Though in an occasional burst of atavism an uneducated man may kiss his thumb instead of the Book, the bulk of humanity take any oath that is offered without any deep feeling of religious sanction, nor any particular fear of supernatural results. It is not altogether a matter of regret that this should be so. Our ceremony of oath-taking is really a Pagan one. Our very verb “to swear” takes us back to the pre-Christian days when man’s strength and his sword were the masters, and peace and goodwill had come to conquer the earth. To swear was a vow to Heaven upon a sword. When we offer the Book to a witness to swear upon, we really tender him, not a Christian thought, but the old Pagan oath which, splendid as it was, is no longer of force. It was a fine thing in its day when a knight vowed upon his sword “to serve the King right well by day and night, on field, on wave, at ting, at board—in peace, in war, in life or death; so help him Thor and Odin, likewise his own good sword.” It is no use replacing the sword by the Book if you retain the spirit of the sword in the old Pagan ceremony. The word “to swear” is very closely related to the word “sword,” and the very essence of swearing, deep down in the root form of the thing and the word itself, is to take one’s sword in one’s right hand, and fight for one’s own side with an energy that will make the Pagan gods shout with joy in the Valhalla. Medical witnesses and land surveyors are real Vikings in this respect, especially as it seems to me those of Celtic origin.

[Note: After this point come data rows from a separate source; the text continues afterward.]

(* For every positive integer $n$, as formal power series in $x$, $$\frac{\mathrm{ODP}(\mathrm{Tour}_n,\mathrm{Cycle}_n)}{(1-x)^n}=n\sum_{m=0}^{\infty}m^{n-1}x^m,$$ with the convention $0^0=1$.
   Context: $\mathrm{Tour}_n$ is the directed graph on $[n]$ with edges $i\to j$ for all $n\ge i>j\ge1$. For $n\ge2$, $\mathrm{Cycle}_n$ is the directed multigraph on $[n]$ with edges $i\to i+1$ ($1\le i\le n-1$) and $n\to1$; for $n=2$ its edges are $1\to2$ and $2\to1$. $\mathrm{Cycle}_1$ is a single vertex (loops are irrelevant). For directed graphs $X,Y$ with $|V(X)|=|V(Y)|$, $\mathrm{DFS}(X,Y)$ has as vertices the bijections $\sigma:V(X)\to V(Y)$. For each $\sigma$ and ordered pair $(a,b)$ of distinct vertices, it has $m_X(a,b)m_Y(\sigma(a),\sigma(b))$ edges from $\sigma$ to $\sigma\circ(a\,b)$, where $m_X(a,b)$ is the number of edges $a\to b$ in $X$. Thus $\mathrm{outdeg}(\sigma)=\sum_{a\ne b}m_X(a,b)m_Y(\sigma(a),\sigma(b))$ and $\mathrm{ODP}(X,Y)=\sum_\sigma x^{\mathrm{outdeg}(\sigma)}$. *)

theory Defs
  imports "HOL-Combinatorics.Permutations" "HOL-Computational_Algebra.Formal_Power_Series"
begin

definition tour_mult :: "nat \<Rightarrow> nat \<Rightarrow> nat \<Rightarrow> nat" where
  "tour_mult n a b = (if b \<ge> 1 \<and> b < a \<and> a \<le> n then 1 else 0)"

text \<open>Edge multiplicity of Cycle_n (n >= 2): edges i -> i+1 (1 <= i <= n-1) and n -> 1.
  For n = 2 this gives edges 1 -> 2 and 2 -> 1. For n = 1 the only candidate is the loop 1 -> 1,
  which is irrelevant since only pairs of distinct vertices are counted.\<close>
definition cycle_mult :: "nat \<Rightarrow> nat \<Rightarrow> nat \<Rightarrow> nat" where
  "cycle_mult n a b =
     (if 1 \<le> a \<and> a + 1 \<le> n \<and> b = a + 1 then 1 else 0) + (if a = n \<and> b = 1 then 1 else 0)"

text \<open>Out-degree of the vertex sigma in DFS(X,Y), for X, Y on vertex set [n].\<close>
definition dfs_outdeg :: "nat \<Rightarrow> (nat \<Rightarrow> nat \<Rightarrow> nat) \<Rightarrow> (nat \<Rightarrow> nat \<Rightarrow> nat) \<Rightarrow> (nat \<Rightarrow> nat) \<Rightarrow> nat" where
  "dfs_outdeg n mX mY \<sigma> = (\<Sum>a\<in>{1..n}. \<Sum>b\<in>{1..n} - {a}. mX a b * mY (\<sigma> a) (\<sigma> b))"

definition ODP :: "nat \<Rightarrow> (nat \<Rightarrow> nat \<Rightarrow> nat) \<Rightarrow> (nat \<Rightarrow> nat \<Rightarrow> nat) \<Rightarrow> real fps" where
  "ODP n mX mY = (\<Sum>\<sigma>\<in>{\<sigma>. \<sigma> permutes {1..n}}. fps_X ^ dfs_outdeg n mX mY \<sigma>)"

end

theory Submission
  imports Defs "HOL-Combinatorics.Multiset_Permutations"
begin

text \<open>
  In the directed graph of the theorem, \<open>\<sigma>\<close> has an edge to \<open>\<sigma> \<circ> (a b)\<close> exactly when \<open>a > b\<close>
  and \<open>\<sigma> b\<close> follows \<open>\<sigma> a\<close> on the cycle, so \<open>b\<close> is determined by \<open>a\<close> and the out-degree of
  \<open>\<sigma>\<close> is the number of cyclic descents of the word \<open>\<sigma>\<^sup>-\<^sup>1(1) \<dots> \<sigma>\<^sup>-\<^sup>1(n)\<close>.
  Cyclic descents are invariant under rotation, each rotation class of words contains exactly
  one word starting with the letter \<open>n\<close>, and \<open>n w\<close> has \<open>1 + des w\<close> cyclic descents.
  Hence \<open>ODP = n X A\<^sub>n\<^sub>-\<^sub>1(X)\<close> for \<open>n \<ge> 2\<close>, where \<open>A\<^sub>k\<close> is the Eulerian polynomial.
  Inserting the letter \<open>k + 1\<close> into a word gives the recurrence
  \<open>A\<^sub>k\<^sub>+\<^sub>1 = (1 + k X) A\<^sub>k + X (1 - X) A\<^sub>k'\<close>, from which Carlitz's identity
  \<open>A\<^sub>k = (1 - X)\<^sup>k\<^sup>+\<^sup>1 \<Sum>\<^sub>m (m + 1)\<^sup>k X\<^sup>m\<close> follows by induction.
\<close>

fun descents :: "'a::linorder list \<Rightarrow> nat" where
  "descents (a # b # xs) = (if b < a then 1 else 0) + descents (b # xs)"
| "descents _ = 0"

lemma descents_Cons: "descents (a # xs) = (if xs \<noteq> [] \<and> hd xs < a then 1 else 0) + descents xs"
  by (cases xs) auto

lemma descents_snoc:
  "descents (xs @ [b]) = descents xs + (if xs \<noteq> [] \<and> b < last xs then 1 else 0)"
  by (induction xs) (auto simp: descents_Cons)

lemma descents_less_length: "xs \<noteq> [] \<Longrightarrow> descents xs < length xs"
  by (induction xs rule: descents.induct) auto

lemma descents_conv_sum:
  "descents xs = (\<Sum>i<length xs - 1. if xs ! Suc i < xs ! i then 1 else 0)"
proof (induction xs rule: descents.induct)
  case (1 a b xs)
  show ?case
    unfolding descents.simps(1) 1 by (simp add: sum.lessThan_Suc_shift del: sum.lessThan_Suc)
qed auto

lemma descents_Cons_greater:
  assumes "xs \<noteq> []" "\<forall>y\<in>set xs. y < x"
  shows "descents (x # xs) = Suc (descents xs)"
  using assms by (cases xs) auto

definition insert_nth :: "nat \<Rightarrow> 'a \<Rightarrow> 'a list \<Rightarrow> 'a list" where
  "insert_nth i x xs = take i xs @ x # drop i xs"

lemma insert_nth_0 [simp]: "insert_nth 0 x xs = x # xs"
  by (simp add: insert_nth_def)

lemma insert_nth_Suc_Cons [simp]: "insert_nth (Suc i) x (a # xs) = a # insert_nth i x xs"
  by (simp add: insert_nth_def)
(* For every $y\in\mathcal S\times[-1,1]\times\mathcal S$ and all $p,q\in\Delta_d^{\mathcal S}$, \[ \ell^\Theta_{\mathrm C,\infty}\bigl(H(p,y),H(q,y)\bigr)\le\ell^\Theta_{\mathrm C,\infty}(p,q). \]
   Context: $\mathcal S=\{1,\dots,m\}$ finite. $\Theta=\{\theta_1<\dots<\theta_d\}$ with constant stride $\Delta>0$; $\Delta_d$ the probability simplex of $\mathbb R^d$; $\Delta_d^{\mathcal S}$ the set of families $(p_i)_{i\in\mathcal S}$, $p_i\in\Delta_d$. For $u\in\Delta_d$, $\eta^{u,0}:=\sum_ku_k\delta_{\theta_k}$. Categorical projection $\Pi^\Theta_{\mathrm C}$: $\delta_x\mapsto\delta_{\theta_1}$ if $x\le\theta_1$, $\delta_{\theta_d}$ if $x\ge\theta_d$, $\frac{\theta_{k+1}-x}{\Delta}\delta_{\theta_k}+\frac{x-\theta_k}{\Delta}\delta_{\theta_{k+1}}$ if $\theta_k\le x\le\theta_{k+1}$, extended linearly to probability laws. For $b\in\mathbb R$, $L_bu\in\Delta_d$ is defined by $\Pi^\Theta_{\mathrm C}(\text{law of }X+b,\ X\sim\eta^{u,0})=\eta^{L_bu,0}$. One-sample backup: for $y=(s,b,s')$, $H(p,y)=q$ with $q_u=p_u$ for $u\ne s$ and $q_s=L_bp_{s'}$. Coordinate Cramér metric: $F_u(\theta_k):=\sum_{j\le k}u_j$, $\ell^\Theta_{\mathrm C}(u,v)^2:=\Delta\sum_{k=1}^{d-1}(F_u(\theta_k)-F_v(\theta_k))^2$, $\ell^\Theta_{\mathrm C,\infty}(p,q):=\max_i\ell^\Theta_{\mathrm C}(p_i,q_i)$. *)

theory Defs
  imports "HOL-Analysis.Analysis"
begin

definition theta :: "real \<Rightarrow> real \<Rightarrow> nat \<Rightarrow> real" where
  "theta th1 Dl k = th1 + (real k - 1) * Dl"

definition prob_simplex :: "nat \<Rightarrow> (nat \<Rightarrow> real) set" where
  "prob_simplex d = {u. (\<forall>k\<in>{1..d}. 0 \<le> u k) \<and> (\<Sum>k=1..d. u k) = 1}"

definition fam_simplex :: "nat \<Rightarrow> nat \<Rightarrow> (nat \<Rightarrow> nat \<Rightarrow> real) set" where
  "fam_simplex m d = {p. \<forall>i\<in>{1..m}. p i \<in> prob_simplex d}"

text \<open>Categorical projection of a Dirac mass delta_x: coefficient on theta_j.\<close>
definition cat_proj_dirac :: "real \<Rightarrow> real \<Rightarrow> nat \<Rightarrow> real \<Rightarrow> nat \<Rightarrow> real" where
  "cat_proj_dirac th1 Dl d x j =
     (if x \<le> theta th1 Dl 1 then (if j = 1 then 1 else 0)
      else if x \<ge> theta th1 Dl d then (if j = d then 1 else 0)
      else (let k = (SOME k. 1 \<le> k \<and> k < d \<and> theta th1 Dl k \<le> x \<and> x < theta th1 Dl (k+1)) in
            if j = k then (theta th1 Dl (k+1) - x) / Dl
            else if j = k + 1 then (x - theta th1 Dl k) / Dl
            else 0))"

text \<open>L_b u: coefficients of the categorical projection of the law of X + b, X ~ sum_k u_k delta_{theta_k}
  (projection extended linearly).\<close>
definition Lshift :: "real \<Rightarrow> real \<Rightarrow> nat \<Rightarrow> real \<Rightarrow> (nat \<Rightarrow> real) \<Rightarrow> nat \<Rightarrow> real" where
  "Lshift th1 Dl d b u = (\<lambda>j. \<Sum>k=1..d. u k * cat_proj_dirac th1 Dl d (theta th1 Dl k + b) j)"

definition backup :: "real \<Rightarrow> real \<Rightarrow> nat \<Rightarrow> (nat \<Rightarrow> nat \<Rightarrow> real) \<Rightarrow> nat \<times> real \<times> nat
                      \<Rightarrow> nat \<Rightarrow> nat \<Rightarrow> real" where
  "backup th1 Dl d p y = (case y of (s, b, s') \<Rightarrow> p(s := Lshift th1 Dl d b (p s')))"

definition cdf :: "(nat \<Rightarrow> real) \<Rightarrow> nat \<Rightarrow> real" where
  "cdf u k = (\<Sum>j=1..k. u j)"

definition cramer :: "real \<Rightarrow> nat \<Rightarrow> (nat \<Rightarrow> real) \<Rightarrow> (nat \<Rightarrow> real) \<Rightarrow> real" where
  "cramer Dl d u v = sqrt (Dl * (\<Sum>k=1..d-1. (cdf u k - cdf v k)^2))"

definition cramer_inf :: "nat \<Rightarrow> real \<Rightarrow> nat \<Rightarrow> (nat \<Rightarrow> nat \<Rightarrow> real) \<Rightarrow> (nat \<Rightarrow> nat \<Rightarrow> real) \<Rightarrow> real" where
  "cramer_inf m Dl d p q = Max ((\<lambda>i. cramer Dl d (p i) (q i)) ` {1..m})"

end

theory Submission
  imports Defs
begin

text \<open>The coordinate Cramer distance is a multiple of the Euclidean distance between CDF vectors,
  and the backup only replaces the component at s by L_b applied to the component at s', so it
  suffices that L_b is non-expansive. Summation by parts shows that the CDF differences of L_b u
  and L_b v are obtained from those of u and v through the matrix with entries
  tent (k - i - b / Dl). Its entries are nonnegative and, since the tents centred at the integers
  form a partition of unity, all its row and column sums are at most 1; by the Schur test such a
  matrix is a contraction for the Euclidean norm. This works for every shift b.\<close>

definition ramp :: "real \<Rightarrow> real" where
  "ramp t = min 1 (max 0 t)"

definition tent :: "real \<Rightarrow> real" where
  "tent t = max 0 (1 - \<bar>t\<bar>)"

lemma tent_eq_ramp_diff: "tent t = ramp (t + 1) - ramp t"
  unfolding tent_def ramp_def by (auto simp: min_def max_def abs_if)

lemma tent_nonneg: "tent t \<ge> 0"
  by (simp add: tent_def)

lemma tent_minus: "tent (- t) = tent t"
  by (simp add: tent_def)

But of a truth it is not only the oath and the witnesses that want amendment. For when I suggest that it would be well in Court if we obeyed the command, “Swear not at all,” and that the outward use of the Book in the County Court is undesirable, it is because I feel that some such thing as a Court on the lines of the teaching of the Book ought not to be wholly impossible after 1,900 years of endeavour. You must drive out of the Court all the folk-lore with its Pagan notions of fighting and hired champions and oaths, and witnesses and heralds, and above all you must get rid of the anachronism of a Judge, and appoint in his place a peace-maker or official reconciler. The idea is not wholly Quixotic. Lord Brougham, a very practical reformer, had hopes of constructing Courts of Reconciliation in this country seventy years ago. We shall not close the courts of litigation and replace them by courts of reconciliation in a day. But I am optimist enough to hope that I may go down to my work one morning to find that we have been taken over by a new department called the Office of Peace, and that under the Royal Arms is our new official motto, “Blessed are the Peacemakers.”